Hmmm, that seems like a bug in the ZONE_DEVICE stuff generally.  All
that ksm is doing as far as I can see is follow_page() and
kmap_atomic().  I wonder how many other places in the kernel might
also be prone to crashing if they try to touch device pages?

> In anycase, we wouldn't want secure guests pages to be pulled out due
> to KSM, hence disabled merging.

Sure, I don't disagree with that, but I worry that we are papering
over a bug here.

Paul.
Bharata B Rao Nov. 15, 2019, 2:10 p.m. UTC | #4
On Thu, Nov 07, 2019 at 04:45:35PM +1100, Paul Mackerras wrote:
> On Wed, Nov 06, 2019 at 12:15:42PM +0530, Bharata B Rao wrote:
> > On Wed, Nov 06, 2019 at 03:33:29PM +1100, Paul Mackerras wrote:
> > > On Mon, Nov 04, 2019 at 09:47:53AM +0530, Bharata B Rao wrote:
> > > > KVM PPC module needs ksm_madvise() for supporting secure guests.
> > > > Guest pages that become secure are represented as device private
> > > > pages in the host. Such pages shouldn't participate in KSM merging.
> > > 
> > > If we don't do the ksm_madvise call, then as far as I can tell, it
> > > should all still work correctly, but we might have KSM pulling pages
> > > in unnecessarily, causing a reduction in performance.  Is that right?
> > 
> > I thought so too. When KSM tries to merge a secure page, it should
> > cause a fault resulting in page-out the secure page.
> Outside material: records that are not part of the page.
definition lbp_T ::
  "'v::linorder set set \<Rightarrow> ('v \<Rightarrow> 'x measure) \<Rightarrow> ('v \<Rightarrow> nat) \<Rightarrow> ('v \<Rightarrow> 'x \<Rightarrow> nat \<Rightarrow> real)
     \<Rightarrow> ('v set \<Rightarrow> nat) \<Rightarrow> ('v set \<Rightarrow> ('v \<Rightarrow> 'x) \<Rightarrow> nat \<Rightarrow> real)
     \<Rightarrow> ('v set \<Rightarrow> nat \<Rightarrow> real) \<Rightarrow> ('v set \<Rightarrow> 'v \<Rightarrow> nat \<Rightarrow> real)
     \<Rightarrow> ('v set \<Rightarrow> 'v \<Rightarrow> nat \<Rightarrow> real) \<Rightarrow> 'v set \<Rightarrow> 'v \<Rightarrow> nat \<Rightarrow> real" where
  "lbp_T F \<nu> r \<phi> rb \<phi>b thb' thb \<mu> \<alpha> i =
     (let \<theta>\<alpha> = fac_param F r rb thb' thb \<mu> \<alpha>;
          m = (\<lambda>k. if k < r i then
                      ef_E (fac_meas \<nu> \<alpha>) (fac_dim r rb \<alpha>) (fac_stat r \<phi> rb \<phi>b \<alpha>) \<theta>\<alpha> (\<lambda>x. \<phi> i (x i) k)
                    else 0);
          \<theta>i = the_inv_into (ef_Theta (\<nu> i) (r i) (\<phi> i)) (ef_mean (\<nu> i) (r i) (\<phi> i)) m
      in (\<lambda>k. \<theta>i k - (\<Sum>\<gamma>\<in>nbhd F i - {\<alpha>}. \<mu> \<gamma> i k)))"

definition perturb :: "('v set \<Rightarrow> 'v \<Rightarrow> nat \<Rightarrow> real) \<Rightarrow> 'v set \<Rightarrow> 'v \<Rightarrow> nat \<Rightarrow> real
    \<Rightarrow> ('v set \<Rightarrow> 'v \<Rightarrow> nat \<Rightarrow> real)" where
  "perturb \<mu> \<beta> j l t = \<mu>(\<beta> := (\<mu> \<beta>)(j := (\<lambda>k. \<mu> \<beta> j k + (if k = l then t else 0))))"

end

(*
  Differentiating T reduces, by the chain rule, to differentiating the mean map \<Lambda>_\<alpha> of the
  factor family and the inverse of the mean map \<Lambda>_i of the vertex family.  The mean map of a
  regular exponential family has derivative Cov(\<phi>, \<phi>): the second-order Taylor expansion of
  exp under the integral is dominated by an exponential moment of |\<phi>|, which exists because the
  natural parameter space is open.  \<Lambda>_i is continuous and injective on an open set, so by
  invariance of domain its inverse is continuous; absorbing the quadratic Taylor error then shows
  that \<Lambda>_i^-1 is differentiable with derivative Var(\<phi>_i)^-1.

  Perturbing \<mu>_{\<beta>\<rightarrow>j} with j \<in> \<alpha>, \<beta> \<noteq> \<alpha> moves one coordinate of the parameter of b_\<alpha>, which
  yields Var(\<phi>_i)^-1 Cov_{b_\<alpha>}(\<phi>_i, \<phi>_j); for j = i this is the identity and cancels the
  subtracted message.  At a fixed point the parameter of the x_i-marginal of b_\<alpha> is
  \<Sum>_{\<gamma> \<ni> i} \<mu>_{\<gamma>\<rightarrow>i}, the parameter of b_i, so the variance is taken under b_i.
*)

theory Submission
  imports Defs "HOL-Homology.Invariance_of_Domain" "HOL-Library.Function_Algebras"
begin

section \<open>Elementary real estimates\<close>

lemma abs_exp_minus_one_minus_le: "\<bar>exp (u::real) - 1 - u\<bar> \<le> u\<^sup>2 * exp \<bar>u\<bar>"
proof -
  obtain t where t: "\<bar>t\<bar> \<le> \<bar>u\<bar>" "exp u = (\<Sum>m<2. u ^ m / fact m) + exp t / fact 2 * u ^ 2"
    using Maclaurin_exp_le[of u 2] by blast
  have eq: "exp u - 1 - u = exp t / 2 * u\<^sup>2" using t(2) by (simp add: numeral_2_eq_2)
  have "\<bar>exp u - 1 - u\<bar> = exp t / 2 * u\<^sup>2" by (subst eq) (rule abs_of_nonneg, simp)
  also have "\<dots> \<le> exp \<bar>u\<bar> * u\<^sup>2"
  proof (rule mult_right_mono)
    have "exp t \<le> exp \<bar>u\<bar>" using t(1) by simp
    then show "exp t / 2 \<le> exp \<bar>u\<bar>" using exp_gt_zero[of "\<bar>u\<bar>"] by linarith
  qed simp
  finally show ?thesis by (simp add: mult.commute)
qed

lemma one_plus_cube_le_exp:
  fixes y \<delta> :: real
  assumes "y \<ge> 0" "\<delta> > 0"
  shows "(1 + y)^3 \<le> (6/\<delta>)^3 * exp (\<delta>/2) * exp (\<delta>*y/2)"
proof -
  have "(1+y)*\<delta>/6 \<le> exp ((1+y)*\<delta>/6)" using exp_ge_add_one_self[of "(1+y)*\<delta>/6"] by linarith
  then have "((1+y)*\<delta>/6)^3 \<le> (exp ((1+y)*\<delta>/6))^3"
    by (intro power_mono) (use assms in auto)
  also have "(exp ((1+y)*\<delta>/6))^3 = exp (\<delta>/2) * exp (\<delta>*y/2)"
    by (simp add: exp_of_nat_mult[symmetric] exp_add[symmetric] algebra_simps)
  finally have *: "(1+y)^3 * (\<delta>/6)^3 \<le> exp (\<delta>/2) * exp (\<delta>*y/2)"
    by (simp add: power_mult_distrib[symmetric] algebra_simps)
  have "(1+y)^3 = (6/\<delta>)^3 * ((1+y)^3 * (\<delta>/6)^3)" using assms by (simp add: field_simps)
  also have "\<dots> \<le> (6/\<delta>)^3 * (exp (\<delta>/2) * exp (\<delta>*y/2))"
    by (rule mult_left_mono[OF *]) (use assms in simp)
  finally show ?thesis by simp
qed
lemma cf_circ_assoc_subset:
  assumes x: "x \<in> W" and y: "y \<in> W" and z: "z \<in> W"
  shows "set_op (cf_circ meet join mult) {x} (cf_circ meet join mult y z)
    \<subseteq> set_op (cf_circ meet join mult) (cf_circ meet join mult x y) {z}"
proof
  fix H assume "H \<in> set_op (cf_circ meet join mult) {x} (cf_circ meet join mult y z)"
  then obtain K where K: "\<forall>b\<in>y. \<forall>c\<in>z. mult b c \<in> K"
    and H: "H \<in> W" "\<forall>a\<in>x. \<forall>k\<in>K. mult a k \<in> H"
    by (auto simp: mem_set_op mem_cf_circ)
  define D where "D = {d. \<exists>a\<in>x. \<exists>b\<in>y. mult a b \<preceq> d}"
  have "\<exists>K'\<in>W. D \<subseteq> K' \<and> (\<forall>k\<in>K'. \<forall>c\<in>z. mult k c \<in> H)"
  proof (rule prime_extension[OF H(1)])
    show "lat_filter meet z" using z by (simp add: mem_gen_prime_filters_iff)
    show "lat_filter meet D"
      unfolding D_def using x y by (intro lat_filter_upset_products) (simp_all add: mem_gen_prime_filters_iff)
    fix d c assume "d \<in> D" "c \<in> z"
    then obtain a b where ab: "a \<in> x" "b \<in> y" "mult a b \<preceq> d" unfolding D_def by blast
    have "mult a (mult b c) \<preceq> mult d c"
      using mult_mono_left[OF ab(3)] by (simp add: mult_assoc)
    moreover have "mult a (mult b c) \<in> H" using K H(2) ab(1,2) \<open>c \<in> z\<close> by blast
    ultimately show "mult d c \<in> H" using gen_prime_filters_up[OF H(1)] by blast
  qed
  then obtain K' where "K' \<in> W" "D \<subseteq> K'" and K'H: "\<forall>k\<in>K'. \<forall>c\<in>z. mult k c \<in> H" by blast
  moreover have "mult a b \<in> D" if "a \<in> x" "b \<in> y" for a b
    unfolding D_def using that lat.order_refl by blast
  ultimately have "K' \<in> cf_circ meet join mult x y" "H \<in> cf_circ meet join mult K' z"
    using H(1) by (auto simp: mem_cf_circ)
  then show "H \<in> set_op (cf_circ meet join mult) (cf_circ meet join mult x y) {z}"
    by (auto simp: mem_set_op)
qed

lemma cf_neg_mem_cf_circ_iff:
  assumes x: "x \<in> W" and y: "y \<in> W" and z: "z \<in> W"
  shows "cf_neg tld z \<in> cf_circ meet join mult x y \<longleftrightarrow> cf_neg mn y \<in> cf_circ meet join mult z x"
proof -
  have "cf_neg tld z \<in> cf_circ meet join mult x y \<longleftrightarrow> \<not> (\<exists>f\<in>x. \<exists>g\<in>y. mn (mult f g) \<in> z)"
    using cf_neg_tld_in_W[OF z] by (auto simp: mem_cf_circ cf_neg_tld_mem)
  also have "(\<exists>f\<in>x. \<exists>g\<in>y. mn (mult f g) \<in> z) \<longleftrightarrow> (\<exists>h\<in>z. \<exists>f\<in>x. tld (mult h f) \<in> y)"
  proof
    assume "\<exists>f\<in>x. \<exists>g\<in>y. mn (mult f g) \<in> z"
    then obtain f g where "f \<in> x" "g \<in> y" "mn (mult f g) \<in> z" by blast
    moreover have "g \<preceq> tld (mult (mn (mult f g)) f)"
      by (simp flip: le_mn_mult_iff)
    ultimately show "\<exists>h\<in>z. \<exists>f\<in>x. tld (mult h f) \<in> y"
      using gen_prime_filters_up[OF y] by blast
  next
    assume "\<exists>h\<in>z. \<exists>f\<in>x. tld (mult h f) \<in> y"
    then obtain h f where "h \<in> z" "f \<in> x" "tld (mult h f) \<in> y" by blast
    moreover have "h \<preceq> mn (mult f (tld (mult h f)))"
      by (simp add: le_mn_mult_iff)
    ultimately show "\<exists>f\<in>x. \<exists>g\<in>y. mn (mult f g) \<in> z"
      using gen_prime_filters_up[OF z] by blast
  qed
  also have "\<not> (\<exists>h\<in>z. \<exists>f\<in>x. tld (mult h f) \<in> y) \<longleftrightarrow> cf_neg mn y \<in> cf_circ meet join mult z x"
    using cf_neg_mn_in_W[OF y] by (auto simp: mem_cf_circ cf_neg_mn_mem)
  finally show ?thesis .
qed

lemma canonical_frame_DInFL_frame:
  "DInFL_frame W (cfI meet join one) (\<subseteq>) (cf_circ meet join mult) (cf_neg tld) (cf_neg mn)"
proof -
  let ?c = "cf_circ meet join mult" and ?I = "cfI meet join one"
  have unit: "x \<subseteq> y \<longleftrightarrow> y \<in> set_op ?c ?I {x}" "x \<subseteq> y \<longleftrightarrow> y \<in> set_op ?c {x} ?I"
    if "x \<in> W" "y \<in> W" for x y
    using subset_iff_mem_cfI_circ[OF that] dinfl_algebra.subset_iff_mem_cfI_circ[OF dinfl_opposite that]
    by (simp_all add: cf_circ_flip set_op_cf_circ_flip)
  have assoc: "set_op ?c (?c x y) {z} = set_op ?c {x} (?c y z)" if "x \<in> W" "y \<in> W" "z \<in> W" for x y z
    using cf_circ_assoc_subset[OF that] dinfl_algebra.cf_circ_assoc_subset[OF dinfl_opposite that(3,2,1)]
    by (simp add: cf_circ_flip set_op_cf_circ_flip)
  have "\<forall>x\<in>W. \<forall>y\<in>W. (x \<subseteq> y \<longleftrightarrow> y \<in> set_op ?c ?I {x}) \<and>
      (y \<in> set_op ?c ?I {x} \<longleftrightarrow> y \<in> set_op ?c {x} ?I)"
    using unit by blast
  moreover have "\<forall>x\<in>W. \<forall>y\<in>W. \<forall>z\<in>W. set_op ?c (?c x y) {z} = set_op ?c {x} (?c y z)"
    using assoc by blast
  moreover have "\<forall>x\<in>W. \<forall>y\<in>W. \<forall>z\<in>W. cf_neg tld z \<in> ?c x y \<longleftrightarrow> cf_neg mn y \<in> ?c z x"
    using cf_neg_mem_cf_circ_iff by blast
  moreover have "\<forall>x\<in>W. cf_neg mn (cf_neg tld x) \<subseteq> x \<and> cf_neg tld (cf_neg mn x) \<subseteq> x"
    by (simp add: cf_neg_mn_cf_neg_tld cf_neg_tld_cf_neg_mn)
  moreover have "\<forall>x\<in>W. cf_neg tld x \<in> W" "\<forall>x\<in>W. cf_neg mn x \<in> W"
    by (simp_all add: cf_neg_tld_in_W cf_neg_mn_in_W)
  moreover have "?I \<subseteq> W" "\<forall>x\<in>W. \<forall>y\<in>W. ?c x y \<subseteq> W"
    by (auto simp: cfI_def mem_cf_circ)
  moreover have "\<forall>x\<in>W. \<forall>y\<in>W. x \<subseteq> y \<and> x \<in> ?I \<longrightarrow> y \<in> ?I"
    by (auto simp: cfI_def)
  moreover have "\<forall>u\<in>W. \<forall>v\<in>W. \<forall>x\<in>W. \<forall>y\<in>W. x \<subseteq> y \<and> x \<in> ?c u v \<longrightarrow> y \<in> ?c u v"
    by (auto simp: mem_cf_circ)
  ultimately show ?thesis
    unfolding DInFL_frame_def by (intro conjI) (assumption | blast)+
qed

lemma canonical_frame_doubly_pointed:
  "doubly_pointed_DInFL_frame_with_bounds W (cfI meet join one) (\<subseteq>) (cf_circ meet join mult)
     (cf_neg tld) (cf_neg mn) {} UNIV"
proof -
  have "{} \<in> W" "UNIV \<in> W" by (simp_all add: gen_prime_filters_def)
  then show ?thesis
    unfolding doubly_pointed_DInFL_frame_with_bounds_def
    using canonical_frame_DInFL_frame by (auto simp: cfI_def)
qed

end

theorem mainTheorem18:
  fixes meet join mult :: "'a \<Rightarrow> 'a \<Rightarrow> 'a" and one :: 'a and tld mn :: "'a \<Rightarrow> 'a"
  assumes "DInFL_algebra meet join mult one tld mn"
  shows "doubly_pointed_DInFL_frame_with_bounds (gen_prime_filters meet join)
           (cfI meet join one) (\<subseteq>) (cf_circ meet join mult) (cf_neg tld) (cf_neg mn)
           {} UNIV"
  using assms by (intro dinfl_algebra.canonical_frame_doubly_pointed dinfl_algebra.intro)

end
lemma asymptotically_stable_setI:
  fixes f :: "'a::metric_space \<Rightarrow> 'a"
  assumes \<delta>: "\<delta> > 0" and c: "c \<longlonglongrightarrow> 0"
    and bound: "\<And>z n. infdist z \<Gamma> < \<delta> \<Longrightarrow> infdist ((f ^^ n) z) \<Gamma> \<le> c n * infdist z \<Gamma>"
  shows "asymptotically_stable_set f \<Gamma>"
proof -
  obtain B where B: "B > 0" "\<And>n. \<bar>c n\<bar> \<le> B"
    using BseqD[OF convergent_imp_Bseq[OF convergentI[OF c]]] by auto
  have uniform: "infdist ((f ^^ n) z) \<Gamma> \<le> B * infdist z \<Gamma>" if "infdist z \<Gamma> < \<delta>" for z n
  proof -
    have "c n * infdist z \<Gamma> \<le> B * infdist z \<Gamma>"
      using B(2)[of n] infdist_nonneg by (intro mult_right_mono) auto
    then show ?thesis
      using bound[OF that, of n] by linarith
  qed
  have "lyapunov_stable_set f \<Gamma>"
    unfolding lyapunov_stable_set_def
  proof (intro allI impI)
    fix \<epsilon> :: real
    assume "\<epsilon> > 0"
    have "infdist ((f ^^ n) z) \<Gamma> < \<epsilon>" if "infdist z \<Gamma> < min \<delta> (\<epsilon> / B)" for z n
    proof -
      have "infdist ((f ^^ n) z) \<Gamma> \<le> B * infdist z \<Gamma>"
        using that by (intro uniform) simp
      also have "\<dots> < B * (\<epsilon> / B)"
        using that B(1) by (intro mult_strict_left_mono) auto
      finally show ?thesis
        using B(1) by simp
    qed
    then show "\<exists>d>0. \<forall>z. infdist z \<Gamma> < d \<longrightarrow> (\<forall>n. infdist ((f ^^ n) z) \<Gamma> < \<epsilon>)"
      using \<delta> B(1) \<open>\<epsilon> > 0\<close> by (intro exI[of _ "min \<delta> (\<epsilon> / B)"]) auto
  qed
  moreover have "attracting_set f \<Gamma>"
    unfolding attracting_set_def
  proof (intro exI[of _ \<delta>] conjI allI impI)
    fix z
    assume "infdist z \<Gamma> < \<delta>"
    have lim: "(\<lambda>n. c n * infdist z \<Gamma>) \<longlonglongrightarrow> 0"
      by (rule tendsto_mult_left_zero[OF c])
    show "(\<lambda>n. infdist ((f ^^ n) z) \<Gamma>) \<longlonglongrightarrow> 0"
    proof (rule tendsto_sandwich[OF _ _ tendsto_const lim])
      show "\<forall>\<^sub>F n in sequentially. 0 \<le> infdist ((f ^^ n) z) \<Gamma>"
        by (simp add: infdist_nonneg)
      show "\<forall>\<^sub>F n in sequentially. infdist ((f ^^ n) z) \<Gamma> \<le> c n * infdist z \<Gamma>"
        using bound[OF \<open>infdist z \<Gamma> < \<delta>\<close>] by simp
    qed
  qed (rule \<delta>)
  ultimately show ?thesis
    unfolding asymptotically_stable_set_def ..
qed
However I see
> > the below crash when KSM is enabled and KSM scan tries to kmap and
> > memcmp the device private page.
> > 
> > BUG: Unable to handle kernel data access at 0xc007fffe00010000
> > Faulting instruction address: 0xc0000000000ab5a0
> > Oops: Kernel access of bad area, sig: 11 [#1]
> > LE PAGE_SIZE=64K MMU=Radix MMU=Hash SMP NR_CPUS=2048 NUMA PowerNV
> > Modules linked in:
> > CPU: 0 PID: 22 Comm: ksmd Not tainted 5.4.0-rc2-00026-g2249c0ae4a53-dirty #376
> > NIP:  c0000000000ab5a0 LR: c0000000003d7c3c CTR: 0000000000000004
> > REGS: c0000001c85d79b0 TRAP: 0300   Not tainted  (5.4.0-rc2-00026-g2249c0ae4a53-dirty)
> > MSR:  900000000280b033 <SF,HV,VEC,VSX,EE,FP,ME,IR,DR,RI,LE>  CR: 24002242  XER: 20040000
> > CFAR: c0000000000ab3d0 DAR: c007fffe00010000 DSISR: 40000000 IRQMASK: 0 
> > GPR00: 0000000000000004 c0000001c85d7c40 c0000000018ce000 c0000001c3880000 
> > GPR04: c007fffe00010000 0000000000010000 0000000000000000 ffffffffffffffff 
> > GPR08: c000000001992298 0000603820002138 ffffffffffffffff ffffffff00003a69 
> > GPR12: 0000000024002242 c000000002550000 c0000001c8700000 c00000000179b728 
> > GPR16: c00c01ffff800040 c00000000179b5b8 c00c00000070e200 ffffffffffffffff 
> > GPR20: 0000000000000000 0000000000000000 fffffffffffff000 c00000000179b648 
> > GPR24: c0000000024464a0 c00000000249f568 c000000001118918 0000000000000000 
> > GPR28: c0000001c804c590 c00000000249f518 0000000000000000 c0000001c8700000 
> > NIP [c0000000000ab5a0] memcmp+0x320/0x6a0
> > LR [c0000000003d7c3c] memcmp_pages+0x8c/0xe0
> > Call Trace:
> > [c0000001c85d7c40] [c0000001c804c590] 0xc0000001c804c590 (unreliable)
> > [c0000001c85d7c70] [c0000000004591d0] ksm_scan_thread+0x960/0x21b0
> > [c0000001c85d7db0] [c0000000001bf328] kthread+0x198/0x1a0
> > [c0000001c85d7e20] [c00000000000bfbc] ret_from_kernel_thread+0x5c/0x80
> > Instruction dump:
> > ebc1fff0 eba1ffe8 eb81ffe0 eb61ffd8 4e800020 38600001 4d810020 3860ffff 
> > 4e800020 38000004 7c0903a6 7d201c28 <7d402428> 7c295040 38630008 38840008 
> 
> Hmmm, that seems like a bug in the ZONE_DEVICE stuff generally.  All
> that ksm is doing as far as I can see is follow_page() and
> kmap_atomic().  I wonder how many other places in the kernel might
> also be prone to crashing if they try to touch device pages?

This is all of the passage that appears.